Nach der Rückzugsankündigung der CDU-Chefin spekuliert Frank Plasberg mit seinen Gästen über mögliche Nachfolger. Zudem entwickelt sich ein Austausch über den Umgang der CDU mit Linkspartei und AfD.

Im Zweifel ist "Hart aber fair" unter den Talkshows diejenige, die als Anwalt der sogenannten kleinen Leute angelegt ist. Jener Leute, die dem Klischee nach an Bonpflicht und Sparbücher denken, wenn es um Politik geht. So war es vor zwei Wochen, als im Finanztalk dem abstrakten "kleinen Sparer" der Kopf gestreichelt wurde.

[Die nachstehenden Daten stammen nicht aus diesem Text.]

(* With $\overline{C}(\alpha)$ as defined in the context, $\overline{C}\left(\tfrac12\right)\ge 0.35047\,\pi^2$.
   Context: For a strictly increasing sequence $(\lambda_k)_{k=-\infty}^{\infty}$ of real numbers, put $\delta_k:=\min\{\lambda_k-\lambda_{k-1},\lambda_{k+1}-\lambda_k\}$. For $0\le\alpha\le2$, let $\overline{C}(\alpha)$ be the minimum of all constants $C(\alpha)$ such that $$\sum_{m=1}^N\sum_{\substack{n=1\\ n\ne m}}^N\frac{\delta_m^{2-\alpha}\delta_n^{\alpha}t_mt_n}{(\lambda_m-\lambda_n)^2}\le C(\alpha)\sum_{n=1}^N t_n^2$$ holds for every positive integer $N$, every strictly increasing real sequence $(\lambda_k)_{k\in\mathbb Z}$ and all nonnegative reals $t_1,\dots,t_N$; set $\overline{C}(\alpha)=\infty$ if no such real constant exists. *)

theory Defs
  imports "HOL-Analysis.Analysis"
begin

definition gap :: "(int \<Rightarrow> real) \<Rightarrow> int \<Rightarrow> real" where
  "gap lam k = min (lam k - lam (k - 1)) (lam (k + 1) - lam k)"

definition admissible_const :: "real \<Rightarrow> real \<Rightarrow> bool" where
  "admissible_const \<alpha> C \<longleftrightarrow>
     (\<forall>(N::nat) (lam::int \<Rightarrow> real) (t::nat \<Rightarrow> real).
        N \<ge> 1 \<longrightarrow> strict_mono lam \<longrightarrow> (\<forall>n\<in>{1..N}. t n \<ge> 0) \<longrightarrow>
        (\<Sum>m=1..N. \<Sum>n\<in>{1..N} - {m}.
           gap lam (int m) powr (2 - \<alpha>) * gap lam (int n) powr \<alpha> * t m * t n
             / (lam (int m) - lam (int n))^2)
        \<le> C * (\<Sum>n=1..N. (t n)^2))"

text \<open>The optimal constant; infinity if no admissible real constant exists.\<close>
definition Cbar :: "real \<Rightarrow> ereal" where
  "Cbar \<alpha> = Inf {ereal C | C. admissible_const \<alpha> C}"

end

theory Submission
  imports Defs
begin

(* If C is admissible, then for every configuration with lam (k + M) = lam k + T and weights
   t k = w (k mod M), the form of one period against a window of 2J + 1 periods is at most
   C * (sum of w r^2 over a period): apply admissibility to K periods, where all but 2J + 1
   periods see their full window, and let K go to infinity.

   The configuration used has period T = 36/5 and consists of the points 0, 1, ..., 5 followed
   by a grid of step h = 3/(25 n), n = 10^13, on [5, 31/5]; the weights are constants on the
   five isolated points and sqrt h times a step function on the grid.  Keeping only the
   sparse-sparse and sparse-grid interactions and the grid-grid interactions within a period,
   the grid sums are Riemann sums of 1/x^2, bounded below by integrals, the far periods are
   bounded below by telescoping sums, and a block of m equally weighted grid points contributes
   at least (m - 2D) * 2 * (sum of 1/d^2 for d <= D). *)

lemma sum_reindex_le:
  fixes f :: "'b \<Rightarrow> 'c::ordered_comm_monoid_add"
  assumes "finite B" "inj_on g A" "g ` A \<subseteq> B" "\<And>b. b \<in> B \<Longrightarrow> 0 \<le> f b"
  shows "(\<Sum>a\<in>A. f (g a)) \<le> sum f B"
proof -
  have "(\<Sum>a\<in>A. f (g a)) = sum f (g ` A)"
    using assms(2) by (simp add: sum.reindex)
  also have "\<dots> \<le> sum f B"
    using assms(1,3,4) by (intro sum_mono2) auto
  finally show ?thesis .
qed

lemma mult_add_eq_iff:
  fixes q q' r r' M :: nat
  assumes "r < M" "r' < M"
  shows "q * M + r = q' * M + r' \<longleftrightarrow> q = q' \<and> r = r'"
proof
  assume e: "q * M + r = q' * M + r'"
  have "(q * M + r) div M = q" "(q * M + r) mod M = r"
    "(q' * M + r') div M = q'" "(q' * M + r') mod M = r'"
    using assms by auto
  then show "q = q' \<and> r = r'" using e by metis
qed simp

lemma sum_periodic:
  fixes f :: "nat \<Rightarrow> real"
  assumes "0 < M"
  shows "(\<Sum>k=1..K*M. f (k mod M)) = real K * (\<Sum>r<M. f r)"
proof -
  have lt: "(\<Sum>k<K*M. f (k mod M)) = real K * (\<Sum>r<M. f r)" for K
  proof (induction K)
    case (Suc K)
    have "(\<Sum>k<Suc K * M. f (k mod M))
        = (\<Sum>k<K*M. f (k mod M)) + (\<Sum>k\<in>{K*M..<K*M+M}. f (k mod M))"
      by (simp add: sum.atLeastLessThan_concat atLeast0LessThan[symmetric] add.commute)
    also have "(\<Sum>k\<in>{K*M..<K*M+M}. f (k mod M)) = (\<Sum>r<M. f r)"
      using sum.shift_bounds_nat_ivl[of "\<lambda>k. f (k mod M)" 0 "K*M" M]
      by (simp add: atLeast0LessThan add.commute)
    finally show ?case using Suc by (simp add: algebra_simps)
  qed simp
  have "(\<Sum>k=1..K*M. f (k mod M)) = (\<Sum>k<Suc (K*M). f (k mod M)) - f 0"
    by (simp add: sum.atLeast1_atMost_eq lessThan_Suc_atMost sum.atMost_shift)
  also have "\<dots> = (\<Sum>k<K*M. f (k mod M))"
    by simp
  finally show ?thesis using lt by simp
qed

lemma sum_int_interval_symmetric:
  fixes f :: "int \<Rightarrow> real"
  shows "(\<Sum>j\<in>{- int J..int J}. f j) = f 0 + (\<Sum>j=1..J. f (int j) + f (- int j))"
proof (induction J)
  case (Suc J)
  have "{- int (Suc J)..int (Suc J)} = insert (- int (Suc J)) (insert (int (Suc J)) {- int J..int J})"
    by auto
  then show ?case using Suc by simp
qed simp

lemma sum_split_first_two:
  fixes f :: "nat \<Rightarrow> real"
  assumes "2 \<le> J"
  shows "(\<Sum>j=1..J. f j) = f 1 + f 2 + (\<Sum>j=3..J. f j)"
proof -
  have "{1..J} = insert 1 (insert 2 {3..J})" using assms by auto
  then show ?thesis by simp
qed

lemma sum_const_on_interval:
  assumes "\<And>i. a \<le> i \<Longrightarrow> i < b \<Longrightarrow> f i = (c::real)"
  shows "(\<Sum>i\<in>{a..<b}. f i) = real (b - a) * c"
  using assms by (simp add: sum.cong[of "{a..<b}" "{a..<b}" f "\<lambda>_. c"])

So war es vor einer Woche, als Edmund Stoiber mit dereguliertem Satzbau den vermeintlichen Bürokratieüberdruss des Durchschnittsbürgers nachzufühlen wusste.

Diesmal aber beförderte das Timing des politischen Berlin "Hart aber fair" kurzfristig in die Rolle des tagesaktuellen Talks. Es ging um Folgeschäden der Ereignisse in Thüringen: "Jetzt auch die CDU - stürzt die nächste Regierungspartei ins Chaos?"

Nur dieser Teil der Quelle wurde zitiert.